慌乱只是一瞬,下一刻沈笃之又恢复了之前的淡然。
不过做了一日邻居,就以道谢为由登门,过分的热络让他回想起了些不怎么美好的记忆。
双手背在身后,他避开递到眼前的食盒,再开口时语气比方才又冷了几分:“娘子客气,但不用了。”
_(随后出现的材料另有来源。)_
(* Let $N$ be a set of $n$ agents and $O$ a set of $n$ objects, each agent $i$ having a strict linear order $\succ_i$ over $O$ and each object $o$ a strict linear order $\succ_o$ over $N$. If a random matching $p$ is claimwise weakly stable, then it is weakly sd-stable.
   Context: A random matching is an $n\times n$ bistochastic matrix $p=[p(i,o)]$; it is deterministic if entries are in $\{0,1\}$. $p$ is claimwise weakly stable if for each $(i,o)\in N\times O$ and each $j\in N$ with $i\succ_o j$, $\sum_{o':o'\succ_i o}p(i,o')\ge p(j,o)$ (with strict preferences this coincides with claimwise stability). For agent $i$ with $o_1\succ_i\dots\succ_i o_n$, $p(i)\succsim_i^{sd}q(i)$ if $\sum_{l=1}^k p(i,o_l)\ge\sum_{l=1}^k q(i,o_l)$ for all $k$, and $p(i)\succ_i^{sd}q(i)$ if additionally $p(i)\neq q(i)$; for object $o$ with $i_1\succ_o\dots\succ_o i_n$, $p(o)\succsim_o^{sd}q(o)$ if $\sum_{l=1}^k p(i_l,o)\ge\sum_{l=1}^k q(i_l,o)$ for all $k$, and $p(o)\succ_o^{sd}q(o)$ if additionally $p(o)\ne q(o)$. $p$ is strongly sd-blocked by $(i,o)$ if there is a deterministic matching $q\ne p$ with $q(i,o)=1$, $q(i)\succ_i^{sd}p(i)$ and $q(o)\succ_o^{sd}p(o)$. $p$ is weakly sd-stable if no pair $(i,o)$ strongly sd-blocks $p$. *)

theory Defs
  imports Complex_Main
begin

(* R x y  reads  "x is strictly preferred to y" *)
definition strict_linear_on :: "'x set \<Rightarrow> ('x \<Rightarrow> 'x \<Rightarrow> bool) \<Rightarrow> bool" where
  "strict_linear_on A R \<longleftrightarrow>
     (\<forall>x\<in>A. \<not> R x x) \<and>
     (\<forall>x\<in>A. \<forall>y\<in>A. \<forall>z\<in>A. R x y \<longrightarrow> R y z \<longrightarrow> R x z) \<and>
     (\<forall>x\<in>A. \<forall>y\<in>A. x \<noteq> y \<longrightarrow> R x y \<or> R y x)"

definition random_matching :: "'a set \<Rightarrow> 'b set \<Rightarrow> ('a \<Rightarrow> 'b \<Rightarrow> real) \<Rightarrow> bool" where
  "random_matching N Obj p \<longleftrightarrow>
     (\<forall>i\<in>N. \<forall>b\<in>Obj. p i b \<ge> 0) \<and>
     (\<forall>i\<in>N. (\<Sum>b\<in>Obj. p i b) = 1) \<and>
     (\<forall>b\<in>Obj. (\<Sum>i\<in>N. p i b) = 1)"

definition deterministic_matching :: "'a set \<Rightarrow> 'b set \<Rightarrow> ('a \<Rightarrow> 'b \<Rightarrow> real) \<Rightarrow> bool" where
  "deterministic_matching N Obj q \<longleftrightarrow>
     random_matching N Obj q \<and> (\<forall>i\<in>N. \<forall>b\<in>Obj. q i b = 0 \<or> q i b = 1)"

(* claimwise weak stability; prefA i b b' : b \<succ>_i b';  prefO b i j : i \<succ>_o j *)
definition claimwise_weakly_stable ::
  "'a set \<Rightarrow> 'b set \<Rightarrow> ('a \<Rightarrow> 'b \<Rightarrow> 'b \<Rightarrow> bool) \<Rightarrow> ('b \<Rightarrow> 'a \<Rightarrow> 'a \<Rightarrow> bool)
     \<Rightarrow> ('a \<Rightarrow> 'b \<Rightarrow> real) \<Rightarrow> bool" where
  "claimwise_weakly_stable N Obj prefA prefO p \<longleftrightarrow>
     (\<forall>i\<in>N. \<forall>b\<in>Obj. \<forall>j\<in>N. prefO b i j \<longrightarrow>
        (\<Sum>b'\<in>{b'\<in>Obj. prefA i b' b}. p i b') \<ge> p j b)"

(* agent i's sd comparison: cumulative sums over the upper contour sets
   {b'. b' \<succeq>_i b} (i.e. the first k objects in i's order, for each k) *)
definition sd_weak_agent ::
  "'b set \<Rightarrow> ('b \<Rightarrow> 'b \<Rightarrow> bool) \<Rightarrow> ('b \<Rightarrow> real) \<Rightarrow> ('b \<Rightarrow> real) \<Rightarrow> bool" where
  "sd_weak_agent Obj R x y \<longleftrightarrow>
     (\<forall>b\<in>Obj. (\<Sum>b'\<in>{b'\<in>Obj. R b' b \<or> b' = b}. x b') \<ge> (\<Sum>b'\<in>{b'\<in>Obj. R b' b \<or> b' = b}. y b'))"

definition sd_strict_agent ::
  "'b set \<Rightarrow> ('b \<Rightarrow> 'b \<Rightarrow> bool) \<Rightarrow> ('b \<Rightarrow> real) \<Rightarrow> ('b \<Rightarrow> real) \<Rightarrow> bool" where
  "sd_strict_agent Obj R x y \<longleftrightarrow> sd_weak_agent Obj R x y \<and> (\<exists>b\<in>Obj. x b \<noteq> y b)"

definition strongly_sd_blocks ::
  "'a set \<Rightarrow> 'b set \<Rightarrow> ('a \<Rightarrow> 'b \<Rightarrow> 'b \<Rightarrow> bool) \<Rightarrow> ('b \<Rightarrow> 'a \<Rightarrow> 'a \<Rightarrow> bool)
     \<Rightarrow> ('a \<Rightarrow> 'b \<Rightarrow> real) \<Rightarrow> 'a \<Rightarrow> 'b \<Rightarrow> bool" where
  "strongly_sd_blocks N Obj prefA prefO p i b \<longleftrightarrow>
     (\<exists>q. deterministic_matching N Obj q \<and>
          (\<exists>j\<in>N. \<exists>b'\<in>Obj. q j b' \<noteq> p j b') \<and>
          q i b = 1 \<and>
          sd_strict_agent Obj (prefA i) (q i) (p i) \<and>
          sd_strict_agent N (prefO b) (\<lambda>j. q j b) (\<lambda>j. p j b))"

definition weakly_sd_stable ::
  "'a set \<Rightarrow> 'b set \<Rightarrow> ('a \<Rightarrow> 'b \<Rightarrow> 'b \<Rightarrow> bool) \<Rightarrow> ('b \<Rightarrow> 'a \<Rightarrow> 'a \<Rightarrow> bool)
     \<Rightarrow> ('a \<Rightarrow> 'b \<Rightarrow> real) \<Rightarrow> bool" where
  "weakly_sd_stable N Obj prefA prefO p \<longleftrightarrow>
     (\<forall>i\<in>N. \<forall>b\<in>Obj. \<not> strongly_sd_blocks N Obj prefA prefO p i b)"

end

theory Submission
  imports Defs
begin

text \<open>
  Suppose \<open>(i, b)\<close> strongly sd-blocks \<open>p\<close> via the deterministic matching \<open>q\<close>. Since \<open>q\<close> gives
  \<open>i\<close> exactly \<open>b\<close>, sd-dominance of \<open>q(i)\<close> over \<open>p(i)\<close> forces \<open>p\<close> to give \<open>i\<close> nothing it
  prefers to \<open>b\<close>, and sd-dominance of \<open>q(b)\<close> over \<open>p(b)\<close> forces \<open>p\<close> to give \<open>b\<close> to nobody
  \<open>b\<close> prefers to \<open>i\<close>. Claimwise stability then forbids any agent that \<open>b\<close> ranks below \<open>i\<close>
  from holding a share of \<open>b\<close>, so \<open>p(i, b) = 1\<close>, whence \<open>p(i) = q(i)\<close>, contradicting strictness.
\<close>

lemma unit_mass_iff_vanishes_elsewhere:
  fixes f :: "'x \<Rightarrow> real"
  assumes "finite A" "\<forall>z\<in>A. f z \<ge> 0" "sum f A = 1" "a \<in> A"
  shows "f a = 1 \<longleftrightarrow> (\<forall>z\<in>A - {a}. f z = 0)"
proof -
  have split: "sum f A = f a + sum f (A - {a})"
    using assms(1,4) by (simp add: sum.remove)
  have "sum f (A - {a}) = 0 \<longleftrightarrow> (\<forall>z\<in>A - {a}. f z = 0)"
    using assms(1,2) by (intro sum_nonneg_eq_0_iff) auto
  then show ?thesis using split assms(3) by auto
qed

lemma sd_dominated_by_point_mass_vanishes_above:
  fixes x y :: "'x \<Rightarrow> real"
  assumes "finite A" "strict_linear_on A R" "a \<in> A" "c \<in> A" "R c a"
    and "sd_weak_agent A R x y" "\<forall>z\<in>A - {a}. x z = 0" "\<forall>z\<in>A. y z \<ge> 0"
  shows "y c = 0"
proof -
  let ?U = "{z\<in>A. R z c \<or> z = c}"
  have "\<not> R a a" "R a c \<longrightarrow> R c a \<longrightarrow> R a a"
    using assms(2-4) unfolding strict_linear_on_def by blast+
  then have "a \<notin> ?U" using assms(5) by auto
  then have "sum x ?U = 0"
    using assms(7) by (intro sum.neutral) auto
  moreover have "sum y ?U \<le> sum x ?U"
    using assms(4,6) unfolding sd_weak_agent_def by blast
  moreover have "y c \<le> sum y ?U"
    using assms(1,4,8) by (intro member_le_sum) auto
  moreover have "y c \<ge> 0" using assms(4,8) by blast
  ultimately show ?thesis by linarith
qed

lemma claimwise_weakly_stable_unit_entry:
  assumes "finite N" "strict_linear_on N (prefO b)"
    and "random_matching N Obj p" "claimwise_weakly_stable N Obj prefA prefO p"
    and "i \<in> N" "b \<in> Obj"
    and above_i: "\<forall>c\<in>Obj. prefA i c b \<longrightarrow> p i c = 0"
    and above_b: "\<forall>j\<in>N. prefO b j i \<longrightarrow> p j b = 0"
  shows "p i b = 1"
proof -
  have nonneg: "\<forall>j\<in>N. p j b \<ge> 0" and total: "(\<Sum>j\<in>N. p j b) = 1"
    using assms(3,6) unfolding random_matching_def by auto
  have claim_i: "(\<Sum>c\<in>{c\<in>Obj. prefA i c b}. p i c) = 0"
    using above_i by (intro sum.neutral) auto
  have below_b: "p j b = 0" if "j \<in> N" "prefO b i j" for j
  proof -
    have "p j b \<le> 0"
      using assms(4-6) that claim_i unfolding claimwise_weakly_stable_def by metis
    then show ?thesis using nonneg that(1) by fastforce
  qed
  have "prefO b j i \<or> prefO b i j" if "j \<in> N - {i}" for j
    using assms(2,5) that unfolding strict_linear_on_def by blast
  then have "\<forall>j\<in>N - {i}. p j b = 0"
    using above_b below_b by blast
  then show ?thesis
    using unit_mass_iff_vanishes_elsewhere[OF assms(1) nonneg total assms(5)] by blast
qed

theorem proposition33:
  fixes N :: "'a set" and Obj :: "'b set" and n :: nat
    and prefA :: "'a \<Rightarrow> 'b \<Rightarrow> 'b \<Rightarrow> bool" and prefO :: "'b \<Rightarrow> 'a \<Rightarrow> 'a \<Rightarrow> bool"
    and p :: "'a \<Rightarrow> 'b \<Rightarrow> real"
  assumes "finite N" and "finite Obj" and "card N = n" and "card Obj = n"
    and "\<forall>i\<in>N. strict_linear_on Obj (prefA i)"
    and "\<forall>b\<in>Obj. strict_linear_on N (prefO b)"
    and "random_matching N Obj p"
    and "claimwise_weakly_stable N Obj prefA prefO p"
  shows "weakly_sd_stable N Obj prefA prefO p"
  unfolding weakly_sd_stable_def strongly_sd_blocks_def
proof (intro ballI notI, elim exE conjE)
  fix i b q assume i: "i \<in> N" and b: "b \<in> Obj" and "deterministic_matching N Obj q"
    and qib: "q i b = 1"
    and sd_i: "sd_strict_agent Obj (prefA i) (q i) (p i)"
    and sd_b: "sd_strict_agent N (prefO b) (\<lambda>j. q j b) (\<lambda>j. p j b)"
  then have q: "random_matching N Obj q" unfolding deterministic_matching_def by simp
  have p_nonneg: "\<forall>c\<in>Obj. p i c \<ge> 0" "\<forall>j\<in>N. p j b \<ge> 0"
    using assms(7) i b unfolding random_matching_def by auto
  note mass = unit_mass_iff_vanishes_elsewhere
  have q_i: "\<forall>c\<in>Obj - {b}. q i c = 0"
    using mass[OF assms(2), of "q i" b] q i b qib unfolding random_matching_def by blast
  have q_b: "\<forall>j\<in>N - {i}. q j b = 0"
    using mass[OF assms(1), of "\<lambda>j. q j b" i] q i b qib unfolding random_matching_def by blast
  have "\<forall>c\<in>Obj. prefA i c b \<longrightarrow> p i c = 0"
    using sd_dominated_by_point_mass_vanishes_above[OF assms(2) _ b _ _ _ q_i p_nonneg(1)]
      assms(5) i sd_i unfolding sd_strict_agent_def by blast
  moreover have "\<forall>j\<in>N. prefO b j i \<longrightarrow> p j b = 0"
    using sd_dominated_by_point_mass_vanishes_above[OF assms(1) _ i _ _ _ q_b p_nonneg(2)]
      assms(6) b sd_b unfolding sd_strict_agent_def by blast
  ultimately have p_ib: "p i b = 1"
    using assms(6) b by (intro claimwise_weakly_stable_unit_entry[OF assms(1) _ assms(7,8) i b]) auto
  then have "\<forall>c\<in>Obj - {b}. p i c = 0"
    using mass[OF assms(2) p_nonneg(1) _ b] assms(7) i unfolding random_matching_def by blast
  then have "\<forall>c\<in>Obj. q i c = p i c" using q_i qib p_ib by force
  then show False using sd_i unfolding sd_strict_agent_def by blast
qed

end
想从他没什么情绪的脸上瞧出些端倪还真是件难事,可谁让苏时眠家中尽是些迂腐的读书人,她几乎立刻猜到了缘由。
“巷子里的人家都送了,郎君已是最后一家。”
只当自己没发现他的拒绝,苏时眠再次把食盒往他身前一递。
这回,沈笃之没再拒绝,只是接过食盒时脸上多了丝窘迫。
离开上京许久,他还是没能改掉草木皆兵的毛病,平白将不堪的记忆怪罪在一无所知的苏时眠身上。
“多谢娘子。”提着食盒,沈笃之郑重道了谢。
送完东西,苏时眠不再耽搁,转头就回了自家院子。
倒是沈笃之提着食盒回席,还没坐稳就感觉到了投射在自己身上的两道炽热目光。
他无意提起昨夜之事,随口道:“邻居送来的,家家都有。”
方才缓和气氛的郎君与苏时眠有过一面之缘,正是姓赵的郎君。
他还记得苏时眠是个年轻貌美的小娘子,见状凑上前去问道:“送的什么?”
沈笃之顺势打开食盒,还没看清菜色,身侧的赵郎君已不禁“哇”了一声。
“酱焖肘子、红烧排骨、油炸丸子……”等取出最后一碟肉包子时,赵郎君嘴角的笑再也压不住了,“苏娘子真是个妙人,生怕你被饿着了,竟准备了这么丰盛的菜肴。”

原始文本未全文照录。